Among Shake Shack’s damn-near famous national menu — the Shack burger, the hot dog, the fried chicken sandwich — there are a few Dallas exclusives, like the Link Burger. A 100 percent Angus patty, flat-top sizzled and flipped with a kitchen tool that looks like a paint scraper to maintain that seared crust, will come topped with a Pecan Lodge jalapeño-cheese sausage link and two pickle slices.
Only a classic Marvel villain would be opposed to the sight of this burger: A slab of hot griddled sausage sits on top of melted American cheese, which hugs the seared patty. Two pickle discs, also pleased to be there, and the trademarked ShakeSauce are the only other things keeping you from beef and sausage.

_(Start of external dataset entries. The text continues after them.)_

(* Let $m\ge 3$ and let $G=\mathrm{Sp}_{2m}(2)$ act in one of its two $2$-transitive actions (on the set of quadratic forms of $+$ type, respectively of $-$ type, on $\mathbb{F}_2^{2m}$ whose associated bilinear form is the defining symplectic form; degrees $2^{2m-1}+2^{m-1}$ and $2^{2m-1}-2^{m-1}$). Then for any two distinct points $\omega,\omega'$, the setwise stabilizer of $\{\omega,\omega'\}$ splits as a direct product $G(\{\omega,\omega'\}) = G(\omega,\omega')\times\langle s\rangle$, where $s$ is an involution swapping $\omega$ and $\omega'$. Consequently, there is no proper extension of this action to a $2$-by-block-transitive action of $G$.
   Context: A proper extension to a $2$-by-block-transitive action is a $G$-set $\Omega$ with a $G$-equivariant surjection onto the given $G$-set whose fibres (blocks) have size at least $2$, such that $G$ is transitive on ordered pairs of points of $\Omega$ in distinct blocks. *)

theory Defs
  imports Main
begin

text \<open>Vectors of F_2^(2m) are encoded as subsets of {..<2m} (characteristic
  vectors); vector addition is symmetric difference.\<close>

definition vecs :: "nat \<Rightarrow> nat set set" where
  "vecs m = {v. v \<subseteq> {..<2*m}}"

definition vadd :: "nat set \<Rightarrow> nat set \<Rightarrow> nat set" where
  "vadd u v = (u - v) \<union> (v - u)"

definition symp :: "nat \<Rightarrow> nat set \<Rightarrow> nat set \<Rightarrow> bool" where
  "symp m u v = odd (card {i. i < m \<and> 2*i \<in> u \<and> 2*i+1 \<in> v}
                   + card {i. i < m \<and> 2*i+1 \<in> u \<and> 2*i \<in> v})"

definition Sp :: "nat \<Rightarrow> (nat set \<Rightarrow> nat set) set" where
  "Sp m = {g. bij_betw g (vecs m) (vecs m) \<and> (\<forall>x. x \<notin> vecs m \<longrightarrow> g x = x)
            \<and> (\<forall>u\<in>vecs m. \<forall>v\<in>vecs m. g (vadd u v) = vadd (g u) (g v))
            \<and> (\<forall>u\<in>vecs m. \<forall>v\<in>vecs m. symp m (g u) (g v) = symp m u v)}"

text \<open>Quadratic forms on F_2^(2m) whose polarisation is the symplectic form
  (values True = 1, False = 0; set to False outside the vector space).\<close>
definition qforms :: "nat \<Rightarrow> (nat set \<Rightarrow> bool) set" where
  "qforms m = {Q. (\<forall>v. v \<notin> vecs m \<longrightarrow> \<not> Q v)
      \<and> (\<forall>u\<in>vecs m. \<forall>v\<in>vecs m. Q (vadd u v) = ((Q u \<noteq> Q v) \<noteq> symp m u v))}"

definition is_subspace :: "nat \<Rightarrow> nat set set \<Rightarrow> bool" where
  "is_subspace m W \<longleftrightarrow> W \<subseteq> vecs m \<and> {} \<in> W \<and> (\<forall>u\<in>W. \<forall>v\<in>W. vadd u v \<in> W)"

text \<open>Plus type: Witt index m, i.e. a totally singular subspace of dimension m
  (2^m elements). Minus type: the remaining (nondegenerate) forms.\<close>
definition plus_type :: "nat \<Rightarrow> (nat set \<Rightarrow> bool) \<Rightarrow> bool" where
  "plus_type m Q \<longleftrightarrow> (\<exists>W. is_subspace m W \<and> card W = 2^m \<and> (\<forall>w\<in>W. \<not> Q w))"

The potato bun is lightly butter-toasted and still soft.
Griddle-seared and fresh, the sausage is the star. As it should be. It’s Pecan Lodge barbecue, after all. What evil from Mordor wouldn’t enjoy this? The burger is manageably-sized, but a titanically-Texas tasting beef and sausage sandwich. I ate the whole thing in a few harrowing minutes.
When merged with the melted American cheese, the Pecan Lodge jalapeño sausage becomes transcendent. Factor in Shake Shack’s crinkle-cut fries and all that Shack hype will suddenly make sense. Find out for yourself when the eatery opens at 11 a.m. on Thursday.
Shake Shack Dallas, 2500 N. Pearl St.